'İntikam!'

1.1K 40 16
                                    

Selam millet!

Uzun bir aradan sonra yeni bölüm geldi nihayet🤭  Gecikmeler için kusura bakmayın! Elimden gelen birşey yok maalesef 😔

Kısa bir not düşmek istiyorum!

"Lütfen yorum yaparken saygı çerçevesinde yapın! Küfürlerinizi kendinize saklayın!..

Ayrıca bu hikâye gerçek bir hikâye değildir! Tamamen kurgudan ve hayal ürününden ibarettir!..

Unutmayın bunları!.."

Oylama ve yorum yapmayı unutmayın canlar❤

Neyse lafı fazla uzatmadan sizleri yeni bölümle başbaşa bırakayım!

Yazım hatası varsa şimdiden affınıza sığınıyorum!

KEYİFLİ OKUMALAR

*****

Zaman,sinsi bir zehir gibi akıp gidiyor. Beraberinde ise umutları yıkıp, korkuyu salıyordu etrafına. Oysa ki zaman, her derdin ilacı değil miydi? Ya da her acı zamanla iyileşmez miydi? Evet,belki zaman acıya ilaç olurdu ama korkuya değil! Geçen her saniye, bir ömürle eş değerdi. Geçen her saat, ölüp ölüp dirilmek gibiydi. Hele birde belirsizlik var ki, o insanın kanını kurutur, ruhunu çürütürdü.

*****

Genç kızın telefonu, gittiği kafenin içinde bir masanın üstünde duruyordu. Genç adam eline aldığı telefonu sıkıp elini yumruk haline getirdi. Ondan geriye hiç bir iz yoktu telefondan başka. Yanında Faruk,Semih ve Levent vardı. Etrafa dağılmış adamlarını da unutmamak gerek. Artık daha emindi genç kızın başının belada olduğuna. Semih ve Levent kızın ailesine haber vermeyi teklif etmişlerdi. Genç adam ise şuan bulunduğu zamanda soyutlamıştı. Sağlıklı düşünemez haldeydi. Aklından geçip duran milyon tane senaryo vardı ve hepsi de birbirinden korkunçtu. Kimseyi duymuyor ve görmüyordu. Levent, kızın babasına olmasa da abisine haber vermek gerektiğini söyledi ve Semih ile Faruk onu onaylayınca Ali'yi arayıp durumu anlattılar. Genç adam, Semih'in ayrıca işlettiği bir çiçek serasına getirildi. Semih, toprakla uğraşmayı küçüklüğünden beri severdi. Annesi gibi... Genç adam ne eve sığabiliyor, ne de ofise... Nereye giderse gitsin nefes alamıyordu.

Ali, seraya gelir gelmez yaptığı ilk şey Melih'in suratına yumruğu geçirmek oldu. Genç adam ise önünde tabir-i caizse 'kurbanlık koyun' gibi duruyordu. Çökmüş omuzları ve kızaran gözleri ile karşısındaki öfkeli adama bakıyordu boş boş.

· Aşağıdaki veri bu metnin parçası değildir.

lemma paired_dominating_pattern_set:
  assumes "cyclic_all paired_ok L"
  shows "paired_dominating (CnC3_vertices (length L)) (CnC3_adj (length L)) (pattern_set L)"
proof -
  define n where "n = length L"
  define p :: "nat \<times> nat \<Rightarrow> nat \<times> nat" where "p = (\<lambda>(i, j). case L ! i of
      Vert01 \<Rightarrow> (i, 1 - j) | Vert02 \<Rightarrow> (i, 2 - j)
    | Right2 \<Rightarrow> (cyc_succ n i, 2) | Left2 \<Rightarrow> (cyc_pred n i, 2) | _ \<Rightarrow> (i, j))"
  have mem: "(a, b) \<in> pattern_set L \<longleftrightarrow> a < n \<and> b \<in> pattern_rows (L ! a)" for a b
    unfolding pattern_set_def n_def by auto
  have partner: "p x \<in> pattern_set L \<and> p x \<noteq> x \<and> CnC3_adj n x (p x) \<and> p (p x) = x"
    if x_in: "x \<in> pattern_set L" for x
  proof -
    obtain i j where x: "x = (i, j)" "i < n" "j \<in> pattern_rows (L ! i)"
      using x_in mem by (cases x) auto
    have ok: "paired_ok (L ! cyc_pred n i) (L ! i) (L ! cyc_succ n i)"
      using assms x(2) unfolding cyclic_all_def n_def by auto
    show ?thesis
    proof (cases "L ! i")
      case Vert01
      with x have "j = 0 \<or> j = 1" by auto
      then show ?thesis using Vert01 x by (auto simp: p_def mem cart_adj_def cycle_adj_three)
    next
      case Vert02
      with x have "j = 0 \<or> j = 2" by auto
      then show ?thesis using Vert02 x by (auto simp: p_def mem cart_adj_def cycle_adj_three)
    next
      case Right2
      with x ok have "j = 2" and "L ! cyc_succ n i = Left2" by (auto simp: paired_ok_def)
      moreover have "cyc_succ n i < n" "cycle_adj n i (cyc_succ n i)"
        using x(2) by (simp_all add: cyc_succ_less cycle_adj_iff)
      ultimately show ?thesis using Right2 x
        by (auto simp: p_def mem cart_adj_def cyc_pred_succ)
    next
      case Left2
      with x ok have "j = 2" and "L ! cyc_pred n i = Right2" by (auto simp: paired_ok_def)
      moreover have "cyc_pred n i < n" "cycle_adj n i (cyc_pred n i)"
        using x(2) by (simp_all add: cyc_pred_less cycle_adj_iff)
      ultimately show ?thesis using Left2 x
        by (auto simp: p_def mem cart_adj_def cyc_succ_pred)
    qed (use x ok in \<open>auto simp: paired_ok_def\<close>)
  qed
  have "cyclic_all total_ok L"
    using assms by (simp add: cyclic_all_def paired_ok_def)
  then have "total_dominating (CnC3_vertices n) (CnC3_adj n) (pattern_set L)"
    unfolding n_def by (rule total_dominating_pattern_set)
  moreover have "perfect_matching_induced (CnC3_adj n) (pattern_set L) ((\<lambda>v. {v, p v}) ` pattern_set L)"
    using partner by (rule perfect_matching_induced_of_involution)
  ultimately show ?thesis
    unfolding paired_dominating_def total_dominating_def n_def by blast
qed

"Böyle mi sahip çıkıyorsun lan sen kardeşime? Böyle mi koruyorsun sevdiğini?.."diyip bir yumruk daha attı.
Ama genç adamdan hiç ses çıkmadı. Oracıkta öldürse yine de sesi çıkmazdı zaten. Levent duruma müdahale etti hemen. Ali'nin kolundan tutup uzaklaştırdı.

"Sakin ol Ali! Böyle yaparak bir yere varamayız! Sakin olup düşünmemiz gerek! Fındık kurdunu bir bulalım, sonra hırsını alırsın!.."dedi. Masanın yanına getirip oturttu.

"Haklısın Ali! Ona sahip çıkamadım! Onu koruyamadım!.."diyerek içindeki pişmanlığı ve korkuyu sesine yansıttı.

"Ulan, şuracıkta seni öldürsem yine içim soğumaz! Sana güvendik lan! Sana inandık biz! Asya'nın kılına zarar gelse dünyayı yakarsın zannettik! Sen burda oturmuş öylece bekliyorsun! Asya nerde Melih? Nerde kardeşim?.."diyip önünde duran masayı tek harekette ters çevirdi. Tekrar genç adamın üstüne doğru yürümeye başlamıştı ki bir telefon sesi yankılandı serada. Herkes sesin kimden geldiğini anlamaya çalışırken Semih, cebinden telefonunu çıkardı. Arayanın kendi adamlarından Çetin olduğunu görünce kaşlarını çatıp cevap verdi.